Cuando el seleccionado se preparaba para los Juegos de Amsterdam, se plantó y anunció que no iba, a la espera de quién sabe qué retribución. Fue designado en su lugar Eduardo Martínez, de Central. Tras la partida de la delegación, Andrade cambió de idea y viajó en otro buque. Por supuesto, fue el titular. Y Martínez pasó a ser conocido como “el olímpico 23”, ya que continuó en la delegación.

También tuvo problemas en Nacional, donde faltaba seguido porque no se atendían sus reclamos económicos. En 1931 volvió a Peñarol, aunque jugó más en tercera que en primera. Su pasaje por el fútbol argentino resultó breve y olvidable.

Cinco años después del título mundial de 1930, como su situación económica era muy precaria le hicieron un partido a beneficio. Asistieron apenas 800 personas y la recaudación fue ínfima. Le consiguieron un reparto de diarios, lo que hacía de mala gana.

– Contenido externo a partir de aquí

text \<open>The finitely many observed neighbours of x are all observed at a common stage, so
  the closure itself obeys the propagation rule.\<close>
lemma pd_closure_propagate:
  assumes fin: "finite (closed_nbhd V E x)" and x: "x \<in> pd_closure V E k S"
    and T: "T \<subseteq> pd_closure V E k S" and few: "card (closed_nbhd V E x - T) \<le> k"
  shows "closed_nbhd V E x \<subseteq> pd_closure V E k S"
proof -
  let ?P = "pd_iter V E k S"
  let ?F = "insert x (closed_nbhd V E x \<inter> pd_closure V E k S)"
  have "?P i \<subseteq> ?P j \<or> ?P j \<subseteq> ?P i" for i j
    using nle_le pd_iter_mono by metis
  then have chain: "subset.chain UNIV (range ?P)"
    by (auto simp: subset.chain_def)
  have cover: "?F \<subseteq> \<Union>(range ?P)"
    using x unfolding pd_closure_def by blast
  obtain B where "B \<in> range ?P" and "?F \<subseteq> B"
    by (rule finite_subset_Union_chain[OF _ cover _ chain]) (use fin in auto)
  then obtain i where i: "?F \<subseteq> ?P i"
    by blast
  have "closed_nbhd V E x - ?P i \<subseteq> closed_nbhd V E x - T"
    using i T by blast
  then have "card (closed_nbhd V E x - ?P i) \<le> k"
    using few fin by (meson card_mono finite_Diff le_trans)
  moreover have "x \<in> ?P i" using i by blast
  ultimately have "closed_nbhd V E x \<subseteq> pd_step V E k (?P i)"
    unfolding pd_step_def by blast
  then have "closed_nbhd V E x \<subseteq> ?P (Suc i)"
    by (simp add: pd_iter_Suc)
  then show ?thesis unfolding pd_closure_def by blast
qed

lemma k_power_domination_number_eqI:
  assumes "finite V"
    and "\<And>S. k_power_dominating V E k S \<Longrightarrow> m \<le> card S"
    and "k_power_dominating V E k S\<^sub>0" and "card S\<^sub>0 = m"
  shows "k_power_domination_number V E k = m"
proof -
  let ?A = "{card S | S. k_power_dominating V E k S}"
  have "?A \<subseteq> {..card V}"
    using \<open>finite V\<close> by (auto simp: k_power_dominating_def intro!: card_mono)
  then have "finite ?A" by (rule finite_subset) simp
  then show ?thesis
    unfolding k_power_domination_number_def using assms by (intro Min_eqI) auto
qed

abbreviation punctured_rook :: "nat \<Rightarrow> nat \<times> nat \<Rightarrow> (nat \<times> nat) set" where
  "punctured_rook a v \<equiv> rook_vertices a - {v}"

lemma mem_rook_vertices: "x \<in> rook_vertices a \<longleftrightarrow> fst x < a \<and> snd x < a"
  unfolding rook_vertices_def by (cases x) auto

lemma finite_punctured_rook: "finite (punctured_rook a v)"
  unfolding rook_vertices_def by simp

lemma finite_closed_nbhd_punctured_rook:
  "finite (closed_nbhd (punctured_rook a v) rook_adj x)"
  unfolding closed_nbhd_def using finite_punctured_rook by simp

lemma closed_nbhd_punctured_rook:
  assumes "x \<in> punctured_rook a v"
  shows "closed_nbhd (punctured_rook a v) rook_adj x =
    {u \<in> punctured_rook a v. fst u = fst x \<or> snd u = snd x}"
  using assms unfolding closed_nbhd_def rook_adj_def by (auto simp: prod_eq_iff)

lemma closed_nbhd_set_punctured_rook:
  assumes "S \<subseteq> punctured_rook a v"
  shows "closed_nbhd_set (punctured_rook a v) rook_adj S =
    {u \<in> punctured_rook a v. fst u \<in> fst ` S \<or> snd u \<in> snd ` S}"
proof -
  have "closed_nbhd_set (punctured_rook a v) rook_adj S =
    (\<Union>x\<in>S. {u \<in> punctured_rook a v. fst u = fst x \<or> snd u = snd x})"
    unfolding closed_nbhd_set_def using assms
    by (intro SUP_cong refl closed_nbhd_punctured_rook) auto
  also have "\<dots> = {u \<in> punctured_rook a v. fst u \<in> fst ` S \<or> snd u \<in> snd ` S}"
    by force
  finally show ?thesis .
qed

lemma rook_lines_pd_step_stable:
  fixes a k :: nat and v :: "nat \<times> nat" and R C :: "nat set"
  defines "P \<equiv> {u \<in> punctured_rook a v. fst u \<in> R \<or> snd u \<in> C}"
  assumes rows: "k < card ({0..<a} - insert (fst v) R)"
    and cols: "k < card ({0..<a} - insert (snd v) C)"
  shows "pd_step (punctured_rook a v) rook_adj k P = P"
proof -
  let ?N = "closed_nbhd (punctured_rook a v) rook_adj"
  have "?N x \<subseteq> P" if x: "x \<in> P" and few: "card (?N x - P) \<le> k" for x
  proof -
    have xV: "x \<in> punctured_rook a v" using x unfolding P_def by simp
    have fin: "finite (?N x - P)"
      using finite_closed_nbhd_punctured_rook by simp
    have "fst x \<in> R"
    proof (rule ccontr)
      assume "fst x \<notin> R"
      let ?J = "{0..<a} - insert (snd v) C"
      have "Pair (fst x) ` ?J \<subseteq> ?N x - P"
        using xV \<open>fst x \<notin> R\<close>
        by (auto simp: closed_nbhd_punctured_rook P_def mem_rook_vertices)
      then have "card (Pair (fst x) ` ?J) \<le> card (?N x - P)"
        by (rule card_mono[OF fin])
      then show False using cols few by (simp add: card_image inj_on_def)
    qed
    moreover have "snd x \<in> C"
    proof (rule ccontr)
      assume "snd x \<notin> C"
      let ?I = "{0..<a} - insert (fst v) R"
      have "(\<lambda>i. (i, snd x)) ` ?I \<subseteq> ?N x - P"
        using xV \<open>snd x \<notin> C\<close>
        by (auto simp: closed_nbhd_punctured_rook P_def mem_rook_vertices)
      then have "card ((\<lambda>i. (i, snd x)) ` ?I) \<le> card (?N x - P)"
        by (rule card_mono[OF fin])
      then show False using rows few by (simp add: card_image inj_on_def)
    qed
    ultimately show ?thesis
      using xV by (auto simp: closed_nbhd_punctured_rook P_def)
  qed
  then show ?thesis
    using pd_step_subset[of P] unfolding pd_step_def by blast
qed

lemma punctured_rook_pd_lower_bound:
  assumes "k_power_dominating (punctured_rook a v) rook_adj k S"
  shows "a - k - 1 \<le> card S"
proof (rule ccontr)
  let ?V = "punctured_rook a v"
  assume "\<not> ?thesis"
  then have small: "card S + k + 2 \<le> a" by simp
  have SV: "S \<subseteq> ?V" and dom: "pd_closure ?V rook_adj k S = ?V"
    using assms unfolding k_power_dominating_def by auto
  have "finite S" using finite_punctured_rook SV by (rule finite_subset[rotated])
  have missing: "k < card ({0..<a} - insert y (f ` S))" for y and f :: "nat \<times> nat \<Rightarrow> nat"
  proof -
    have "card (insert y (f ` S)) \<le> card S + 1"
      using card_image_le[OF \<open>finite S\<close>, of f] \<open>finite S\<close> by (simp add: card_insert_if)
    then show ?thesis
      using diff_card_le_card_Diff[of "insert y (f ` S)" "{0..<a}"] small \<open>finite S\<close> by simp
  qed
  let ?P = "{u \<in> ?V. fst u \<in> fst ` S \<or> snd u \<in> snd ` S}"
  have "pd_step ?V rook_adj k ?P = ?P"
    by (rule rook_lines_pd_step_stable[OF missing missing])
  then have "pd_closure ?V rook_adj k S = ?P"
    using pd_closure_eq_if_stable[of ?V rook_adj k S] closed_nbhd_set_punctured_rook[OF SV]
    by simp
  then have V_eq: "?V = ?P" using dom by simp
  have "{0..<a} - insert (fst v) (fst ` S) \<noteq> {}"
    using missing[of "fst v" fst] by (intro notI) simp
  then obtain i where i: "i \<in> {0..<a} - insert (fst v) (fst ` S)" by blast
  have "{0..<a} - insert (snd v) (snd ` S) \<noteq> {}"
    using missing[of "snd v" snd] by (intro notI) simp
  then obtain j where j: "j \<in> {0..<a} - insert (snd v) (snd ` S)" by blast
  have "(i, j) \<in> ?V" using i j by (auto simp: mem_rook_vertices)
  moreover have "(i, j) \<notin> ?P" using i j by auto
  ultimately show False using V_eq by blast
qed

En 1939 obtuvo un puesto de limpiador-vigilante en la UTE. En 1950 lo ascendieron a portero, aunque solía pasar más tiempo en los boliches que en su trabajo. A eso se sumaron los problemas de salud cada vez más graves, que le valieron largas licencias. El 9 de agosto de 1957 lo declararon “cesante por ineptitud física”, con derecho a subsidio por seis meses. No llegó a cobrarlo todo, porque el 3 de octubre siguiente falleció en el asilo Piñeiro del Campo, donde vivía desde hacía tiempo. Lejos de Colombes, lejos de los dorados apartamentos de París y de cualquier gloria.

Fue velado en la casa de su hermana Nicasia, cuyo hijo Víctor Rodríguez Andrade fue campeón mundial en Maracaná.